Accompanied by, Lisa Simpson, M.B., B. Ch., Deputy Director, AHRQ; Ms. Rita Koch, Chief, Office of Management, Division of Financial Management; Dennis P. Williams, Deputy Assistant Secretary, Office of Budget, Department of Health and Human Services
Introduction
Fiscal Year 2001 Request
Patient Safety and Reducing Errors in Medicine
Worker Health and Health Care
Continuing Priorities
Conclusion
Mr. Chairman and Members of the Committee, I am pleased to be here today to present the President's Fiscal Year 2001 budget request for the Agency for Healthcare Research and Quality (AHRQ, formerly the Agency for Health Care Policy and Research).
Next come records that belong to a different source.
lemma qual_repD:
  assumes "qual_rep R D \<phi>"
  shows "inj_on \<phi> (carrier R)" "\<phi> (zero R) = {}" "\<phi> (one R) = D \<times> D"
    "\<phi> (ident R) = {(x, x) | x. x \<in> D}"
    "\<And>a b. a \<in> carrier R \<Longrightarrow> b \<in> carrier R \<Longrightarrow> \<phi> (plus R a b) = \<phi> a \<union> \<phi> b"
    "\<And>a. a \<in> carrier R \<Longrightarrow> \<phi> (compl R a) = D \<times> D - \<phi> a"
    "\<And>a. a \<in> carrier R \<Longrightarrow> \<phi> (conv R a) = {(y, x). (x, y) \<in> \<phi> a}"
    "\<And>a b c. a \<in> carrier R \<Longrightarrow> b \<in> carrier R \<Longrightarrow> c \<in> carrier R \<Longrightarrow>
       \<phi> a O \<phi> b \<subseteq> \<phi> c \<longleftrightarrow> leq R (comp R a b) c"
  using assms by (simp_all add: qual_rep_def)

lemma qual_rep_restrict:
  assumes rep: "qual_rep R D \<phi>"
    and rep_sub: "\<And>a. a \<in> carrier R \<Longrightarrow> \<phi> a \<subseteq> D \<times> D"
    and "D' \<subseteq> D"
    and tri: "triangles_realised (carrier R) \<phi> D D'"
  shows "qual_rep R D' (\<lambda>a. \<phi> a \<inter> D' \<times> D')"
proof -
  let ?C = "carrier R" and ?\<psi> = "\<lambda>a. \<phi> a \<inter> D' \<times> D'"
  have comp_reflect: "\<phi> a O \<phi> b \<subseteq> \<phi> c"
    if abc: "a \<in> ?C" "b \<in> ?C" "c \<in> ?C" and sub: "?\<psi> a O ?\<psi> b \<subseteq> ?\<psi> c" for a b c
  proof
    fix p assume "p \<in> \<phi> a O \<phi> b"
    then obtain x y z where p: "p = (x, z)" and xy: "(x, y) \<in> \<phi> a" and yz: "(y, z) \<in> \<phi> b"
      by blast
    have "x \<in> D" "y \<in> D" "z \<in> D" using xy yz rep_sub abc by blast+
    then obtain x' y' z' where D': "x' \<in> D'" "y' \<in> D'" "z' \<in> D'"
      and xy': "same_type ?C \<phi> (x, y) (x', y')" and yz': "same_type ?C \<phi> (y, z) (y', z')"
      and xz': "same_type ?C \<phi> (x, z) (x', z')"
      by (rule triangles_realisedE[OF tri])
    have "(x', y') \<in> \<phi> a" using same_typeD[OF xy' abc(1)] xy by blast
    moreover have "(y', z') \<in> \<phi> b" using same_typeD[OF yz' abc(2)] yz by blast
    ultimately have "(x', z') \<in> \<phi> c" using sub D' by blast
    then show "p \<in> \<phi> c" using same_typeD[OF xz' abc(3)] p by blast
  qed
  have incl_reflect: "\<phi> a \<subseteq> \<phi> b" if ab: "a \<in> ?C" "b \<in> ?C" and sub: "?\<psi> a \<subseteq> ?\<psi> b" for a b
  proof
    fix p assume pa: "p \<in> \<phi> a"
    then obtain x y where p: "p = (x, y)" and "x \<in> D" "y \<in> D" using rep_sub ab by blast
    then obtain x' y' where D': "x' \<in> D'" "y' \<in> D'" and xy': "same_type ?C \<phi> (x, y) (x', y')"
      using triangles_realisedE[OF tri, of x y y] by blast
    have "(x', y') \<in> \<phi> a" using same_typeD[OF xy' ab(1)] pa p by blast
    then have "(x', y') \<in> \<phi> b" using sub D' by blast
    then show "p \<in> \<phi> b" using same_typeD[OF xy' ab(2)] p by blast
  qed
  have "inj_on ?\<psi> ?C"
  proof (rule inj_onI)
    fix a b assume ab: "a \<in> ?C" "b \<in> ?C" and eq: "?\<psi> a = ?\<psi> b"
    have "\<phi> a = \<phi> b" using incl_reflect[OF ab] incl_reflect[OF ab(2,1)] eq by blast
    with ab show "a = b" using qual_repD(1)[OF rep] by (meson inj_onD)
  qed
  moreover have "?\<psi> a O ?\<psi> b \<subseteq> ?\<psi> c \<longleftrightarrow> leq R (comp R a b) c"
    if "a \<in> ?C" "b \<in> ?C" "c \<in> ?C" for a b c
  proof
    assume "?\<psi> a O ?\<psi> b \<subseteq> ?\<psi> c"
    then show "leq R (comp R a b) c" using comp_reflect[OF that] qual_repD(8)[OF rep that] by blast
  next
    assume "leq R (comp R a b) c"
    then have "\<phi> a O \<phi> b \<subseteq> \<phi> c" using qual_repD(8)[OF rep that] by blast
    then show "?\<psi> a O ?\<psi> b \<subseteq> ?\<psi> c" by blast
  qed
  moreover have "?\<psi> (compl R a) = D' \<times> D' - ?\<psi> a" if "a \<in> ?C" for a
    using that \<open>D' \<subseteq> D\<close> by (auto simp: qual_repD(6)[OF rep])
  moreover have "?\<psi> (one R) = D' \<times> D'"
    using qual_repD(3)[OF rep] \<open>D' \<subseteq> D\<close> by blast
  moreover have "?\<psi> (ident R) = {(x, x) | x. x \<in> D'}"
    using qual_repD(4)[OF rep] \<open>D' \<subseteq> D\<close> by blast
  moreover have "?\<psi> (plus R a b) = ?\<psi> a \<union> ?\<psi> b" if "a \<in> ?C" "b \<in> ?C" for a b
    using qual_repD(5)[OF rep that] by blast
  moreover have "?\<psi> (conv R a) = {(y, x). (x, y) \<in> ?\<psi> a}" if "a \<in> ?C" for a
    using qual_repD(7)[OF rep that] by blast
  ultimately show ?thesis
    unfolding qual_rep_def using qual_repD(2)[OF rep] by simp
qed

lemma qual_rep_bij_betw:
  assumes rep: "qual_rep R D \<phi>"
    and rep_sub: "\<And>a. a \<in> carrier R \<Longrightarrow> \<phi> a \<subseteq> D \<times> D"
    and h: "bij_betw h A D"
  shows "qual_rep R A (\<lambda>a. map_prod h h -` \<phi> a \<inter> A \<times> A)"
proof -
  let ?C = "carrier R" and ?\<psi> = "\<lambda>a. map_prod h h -` \<phi> a \<inter> A \<times> A"
  have h_inj: "inj_on h A" and h_onto: "h ` A = D" using h by (simp_all add: bij_betw_def)
  have image: "map_prod h h ` ?\<psi> a = \<phi> a" if a: "a \<in> ?C" for a
  proof
    show "\<phi> a \<subseteq> map_prod h h ` ?\<psi> a"
    proof
      fix p assume p: "p \<in> \<phi> a"
      then obtain i j where "i \<in> A" "j \<in> A" and p_eq: "p = (h i, h j)"
        using rep_sub[OF a] h_onto by blast
      have "p = map_prod h h (i, j)" using p_eq by simp
      moreover from p p_eq \<open>i \<in> A\<close> \<open>j \<in> A\<close> have "(i, j) \<in> ?\<psi> a" by simp
      ultimately show "p \<in> map_prod h h ` ?\<psi> a" by (rule image_eqI)
    qed
  qed auto
  have "inj_on ?\<psi> ?C"
  proof (rule inj_onI)
    fix a b assume ab: "a \<in> ?C" "b \<in> ?C" and eq: "?\<psi> a = ?\<psi> b"
    have "\<phi> a = map_prod h h ` ?\<psi> a" using image[OF ab(1)] by (rule sym)
    also have "\<dots> = \<phi> b" unfolding eq using image[OF ab(2)] .
    finally show "a = b" using ab qual_repD(1)[OF rep] by (meson inj_onD)
  qed
  moreover have "?\<psi> a O ?\<psi> b \<subseteq> ?\<psi> c \<longleftrightarrow> \<phi> a O \<phi> b \<subseteq> \<phi> c"
    if abc: "a \<in> ?C" "b \<in> ?C" "c \<in> ?C" for a b c
  proof
    assume sub: "?\<psi> a O ?\<psi> b \<subseteq> ?\<psi> c"
    show "\<phi> a O \<phi> b \<subseteq> \<phi> c"
    proof
      fix p assume "p \<in> \<phi> a O \<phi> b"
      then obtain x y z where p: "p = (x, z)" and xy: "(x, y) \<in> \<phi> a" and yz: "(y, z) \<in> \<phi> b"
        by blast
      have "x \<in> h ` A" "y \<in> h ` A" "z \<in> h ` A" using xy yz rep_sub abc h_onto by blast+
      then obtain i j k where ijk: "i \<in> A" "j \<in> A" "k \<in> A" and "x = h i" "y = h j" "z = h k"
        by blast
      with xy yz have "(i, j) \<in> ?\<psi> a" "(j, k) \<in> ?\<psi> b" by simp_all
      then have "(i, k) \<in> ?\<psi> c" using sub by blast
      then show "p \<in> \<phi> c" unfolding p \<open>x = h i\<close> \<open>z = h k\<close> by simp
    qed
  next
    assume sub: "\<phi> a O \<phi> b \<subseteq> \<phi> c"
    show "?\<psi> a O ?\<psi> b \<subseteq> ?\<psi> c"
    proof
      fix p assume "p \<in> ?\<psi> a O ?\<psi> b"
      then obtain i j k where p: "p = (i, k)" and "(i, j) \<in> ?\<psi> a" "(j, k) \<in> ?\<psi> b"
        by blast
      then have "(h i, h k) \<in> \<phi> c" and "i \<in> A" "k \<in> A" using sub by auto
      then show "p \<in> ?\<psi> c" unfolding p by simp
    qed
  qed
  moreover have "?\<psi> (compl R a) = A \<times> A - ?\<psi> a" if "a \<in> ?C" for a
    using qual_repD(6)[OF rep that] h_onto by auto
  moreover have "?\<psi> (one R) = A \<times> A"
    using qual_repD(3)[OF rep] h_onto by auto
  moreover have "?\<psi> (ident R) = {(i, i) | i. i \<in> A}"
    using qual_repD(4)[OF rep] h_onto by (auto simp: inj_on_eq_iff[OF h_inj])
  moreover have "?\<psi> (plus R a b) = ?\<psi> a \<union> ?\<psi> b" if "a \<in> ?C" "b \<in> ?C" for a b
    using qual_repD(5)[OF rep that] by auto
  moreover have "?\<psi> (conv R a) = {(j, i). (i, j) \<in> ?\<psi> a}" if "a \<in> ?C" for a
    using qual_repD(7)[OF rep that] by auto
  ultimately show ?thesis
    unfolding qual_rep_def using qual_repD(2,8)[OF rep] by simp
qed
I understand, Mr. Chairman, that you will be retiring from Congress at the end of this legislative session. While I had the pleasure of working with you for only 3 of your 20 years of service, I know that your commitment to quality in health care has played a major role in shaping the way this Agency does its business. Your emphasis on excellence in research and the translation of research into quality health care has been a guiding force for us, and it has resulted in better health care for people.
Mr. Chairman, I am here today as the Director of the newly reauthorized and renamed Agency for Healthcare Research and Quality (AHRQ). The reauthorization changes how we focus our research agenda, but it maintains our core mission to ensure that the knowledge gained through health care research is translated into measurable improvements in the health care system.
This mission, to which the Committee has provided guidance, is driven by the needs of the users of our research—patients, clinicians, health system leaders, and policymakers. It is also grounded in the Agency's "pipeline of research," which begins with investing in new research that examines what works in health care, moves to developing the tools needed to apply the knowledge gained with this investment, and finally, translates the knowledge and tools into measurable improvements in health care.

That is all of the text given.